Increasing the Power of Your Study by Increasing the Effect Size
In: Journal of consumer research: JCR ; an interdisciplinary journal, Band 44, Heft 5, S. 1157-1173
ISSN: 1537-5277
Abstract
As in other social sciences, published findings in consumer research tend to overestimate the size of the effect being investigated, due to both file drawer effects and abuse of researcher degrees of freedom, including opportunistic analysis decisions.
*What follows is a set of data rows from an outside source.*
theorem proposition6:
  fixes P U :: "'d set" and mu sigma psi :: "'d \<Rightarrow> real"
  assumes "finite P" and "finite U" and "P \<noteq> {}" and "U \<noteq> {}" and "P \<inter> U = {}"
    and "\<forall>d\<in>P \<union> U. sigma d > 0"
    and "inj_on mu (P \<union> U)"
    and "\<forall>d\<in>P. \<forall>d'\<in>U. mu d > mu d'"
    and "optimal mu sigma P U psi"
  shows "\<exists>z::real. z > 0 \<and> (\<exists>theta :: 'd \<Rightarrow> 'd \<Rightarrow> bool.
           (\<forall>d'\<in>U. \<exists>d\<in>P. theta d d') \<and> (\<forall>d\<in>P. \<exists>d'\<in>U. theta d d') \<and>
           (\<forall>d\<in>P \<union> U.
              (\<Sum>e\<in>theta_class theta P U d \<inter> P. (psi e / sigma e)^2) =
              (\<Sum>e\<in>theta_class theta P U d \<inter> U. (psi e / sigma e)^2)) \<and>
           (\<forall>d\<in>P. \<forall>d'\<in>U. Grate mu sigma d d' (psi d) (psi d') \<ge> z \<and>
              (Grate mu sigma d d' (psi d) (psi d') = z \<longleftrightarrow> theta d d')))"
proof -
  interpret optimal_allocation P U mu sigma psi
    using assms by unfold_locales auto
  have classes_balanced:
    "sum weight (theta_class active P U d \<inter> P) = sum weight (theta_class active P U d \<inter> U)" for d
    using theta_class_closed[OF disjoint]
    by (intro weight_balanced_on_closed) (auto simp: theta_class_def)
  show ?thesis
  proof (intro exI[of _ opt_value] conjI exI[of _ active] ballI)
    show "opt_value > 0" by (rule opt_value_pos)
    show "\<exists>d\<in>P. active d d'" if "d' \<in> U" for d'
      using active_covers[of d'] that disjoint by blast
    show "\<exists>d'\<in>U. active d d'" if "d \<in> P" for d
      using active_covers[of d] that disjoint by blast
    show "(\<Sum>e\<in>theta_class active P U d \<inter> P. (psi e / sigma e)^2) =
        (\<Sum>e\<in>theta_class active P U d \<inter> U. (psi e / sigma e)^2)" for d
      using classes_balanced by (simp add: weight_def[abs_def])
    show "opt_value \<le> Grate mu sigma d d' (psi d) (psi d')" if "d \<in> P" "d' \<in> U" for d d'
      using that by (rule opt_value_le_Grate)
    show "Grate mu sigma d d' (psi d) (psi d') = opt_value \<longleftrightarrow> active d d'" for d d'
      by (simp add: active_def)
  qed
qed

end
Given that most effect sizes are substantially smaller than would be apparent from published research, there has been a widespread call to increase power by increasing sample size. We propose that, aside from increasing sample size, researchers can also increase power by boosting the effect size. If done correctly, removing participants, using covariates, and optimizing experimental designs, stimuli, and measures can boost effect size without inflating researcher degrees of freedom. In fact, careful planning of studies and analyses to maximize effect size is essential to be able to study many psychologically interesting phenomena when massive sample sizes are not feasible.